Process HTML documents and extract the text in markdown format

In [3]:
from dpk_html2parquet.transform_python import Html2Parquet


x=Html2Parquet(input_folder= MY_CONFIG.CRAWL_DIR, 
               output_folder= PQ_DIR, 
               data_files_to_use=['.html'],
               html2parquet_output_format= "markdown"
               ).transform()

23:26:24 INFO - html2parquet parameters are : {'output_format': <html2parquet_output_format.MARKDOWN: 'markdown'>, 'favor_precision': <html2parquet_favor_precision.TRUE: 'True'>, 'favor_recall': <html2parquet_favor_recall.TRUE: 'True'>}
23:26:24 INFO - pipeline id pipeline_id
23:26:24 INFO - code location None
23:26:24 INFO - data factory data_ is using local data access: input_folder - workspace/crawled output_folder - workspace/parquet
23:26:24 INFO - data factory data_ max_files -1, n_sample -1
23:26:24 INFO - data factory data_ Not using data sets, checkpointing False, max files -1, random samples -1, files to use ['.html'], files to checkpoint ['.parquet']
23:26:24 INFO - orchestrator html2parquet started at 2025-05-12 23:26:24
23:26:24 INFO - Number of files is 96, source profile {'max_file_size': 0.3377838134765625, 'min_file_size': 0.10031604766845703, 'total_file_size': 12.527679443359375}
23:26:25 INFO - Completed 1 files (1.04%) in 0.003 min
23:26:25 INFO - Completed 2 files

## Step-4: Inspect the Output


In [4]:
from file_utils import read_parquet_files_as_df

output_df = read_parquet_files_as_df(PQ_DIR)

print ("Output dimensions (rows x columns)= ", output_df.shape)

output_df.head(5)

## To display certain columns
#parquet_df[['column1', 'column2', 'column3']].head(5)

Output dimensions (rows x columns)=  (96, 6)

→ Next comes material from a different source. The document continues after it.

(* For every $\delta$-algebra $A$, the homomorphism $\eta_A\colon A\to C(\mathrm{Max}\,A,[0,1])$, $a\mapsto\hat a$, is an epimorphism in the category $\Delta$ of $\delta$-algebras and $\delta$-homomorphisms.
   Context: An MV-algebra is an algebra $(A,\oplus,\neg,0)$ of type $(2,1,0)$ such that $(A,\oplus,0)$ is a commutative monoid, $\neg\neg a=a$, $a\oplus\neg 0=\neg 0$, and $\neg(\neg a\oplus b)\oplus b=\neg(\neg b\oplus a)\oplus a$. Derived operations: $1:=\neg 0$, $a\odot b:=\neg(\neg a\oplus\neg b)$, $a\ominus b:=a\odot\neg b$, $a\vee b:=\neg(\neg a\oplus b)\oplus b$ (join of a lattice order $\le$), $d(a,b):=(a\ominus b)\oplus(b\ominus a)$. Let $\mathcal{L}=\{\delta,\oplus,\neg,0\}$ of type $(\omega,2,1,0)$; $\tfrac12(x):=\delta(x,0,0,\dots)$. A $\delta$-algebra is an $\mathcal{L}$-algebra whose MV-reduct is an MV-algebra and satisfying for all $x,y,\vec x,\vec y$: (i) $d(\delta(\vec x),\delta(x_1,0,0,\dots))=\delta(0,x_2,x_3,\dots)$; (ii) $\tfrac12(\delta(\vec x))=\delta(\tfrac12(x_1),\tfrac12(x_2),\dots)$; (iii) $\delta(x,x,\dots)=x$; (iv) $\delta(0,\vec x)=\tfrac12(\delta(\vec x))$; (v) $\delta(\vec x)\le\delta(x_1\oplus y_1,x_2\oplus y_2,\dots)$; (vi) $\tfrac12(x\ominus y)=\tfrac12(x)\ominus\tfrac12(y)$. A $\delta$-homomorphism is a map preserving $\delta,\oplus,\neg,0$. $[0,1]$ is the standard $\delta$-algebra with $x\oplus y=\min\{1,x+y\}$, $\neg x=1-x$, $\delta(\vec x)=\sum_i x_i/2^i$. For a compact Hausdorff space $X$, $C(X,[0,1])$ is the $\delta$-algebra of continuous maps $X\to[0,1]$ with pointwise MV-operations and $\delta(\vec{\mathbf g}):=\sum_{i\ge1}\mathbf g_i/2^i$ (a uniformly convergent series). For a $\delta$-algebra $A$, $\mathrm{Max}\,A$ is the set of MV-algebra homomorphisms $A\to[0,1]$ with the subspace topology of $[0,1]^A$ (compact Hausdorff); for $a\in A$, $\hat a\colon\mathrm{Max}\,A\to[0,1]$, $\hat a(h):=h(a)$. *)

theory Defs
  imports "HOL-Analysis.Analysis"
begin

Unnamed: 0,title,document,contents,document_id,size,date_acquired
0,thealliance_ai_working-groups-hardware-enablem...,thealliance_ai_working-groups-hardware-enablem...,[Hardware Enablement Focus Area](/focus-areas/...,698eddd25c4e6e9f172a19ebec695247c0a72e6ec88c66...,1553,2025-05-12T23:26:26.582991
1,thealliance_ai_blog-open-source-ai-demo-night-...,thealliance_ai_blog-open-source-ai-demo-night-...,"On August 8th, The AI Alliance, in collaborati...",7802bb7e50653e6b21f571b28843fd9a4bcf5023eaab3a...,3151,2025-05-12T23:26:25.864172
2,thealliance_ai_working-groups-applications-and...,thealliance_ai_working-groups-applications-and...,[Applications and Tools Focus Area](/focus-are...,1aaa9d752f74d7abd233abbd8688884c99ea64f575162b...,1565,2025-05-12T23:26:26.541915
3,thealliance_ai_blog-open-innovation-day-tokyo_...,thealliance_ai_blog-open-innovation-day-tokyo_...,"Open innovation in AI software, algorithms, da...",2f82c2d26c751fcb2528eb7c9273ebf3fac4d21b842787...,1304,2025-05-12T23:26:25.854249
4,thealliance_ai_blog-ai-alliance-skills-and-edu...,thealliance_ai_blog-ai-alliance-skills-and-edu...,"By Rebekkah Hogan (Meta), Sowmya Kannan (IBM),...",a8c21ef29afc54923a30393be621693674a1ad23965998...,3615,2025-05-12T23:26:25.588102


In [5]:
output_df.iloc[0,]['title']

'thealliance_ai_working-groups-hardware-enablement_text.html'

In [6]:
output_df.iloc[0,]['document']

'thealliance_ai_working-groups-hardware-enablement_text.html'

In [7]:
## Display markdown text
print ('content length:', len(output_df.iloc[0,]['contents']), '\n')
print (output_df.iloc[0,]['contents'][:200])


content length: 1553 

[Hardware Enablement Focus Area](/focus-areas/hardware-enablement)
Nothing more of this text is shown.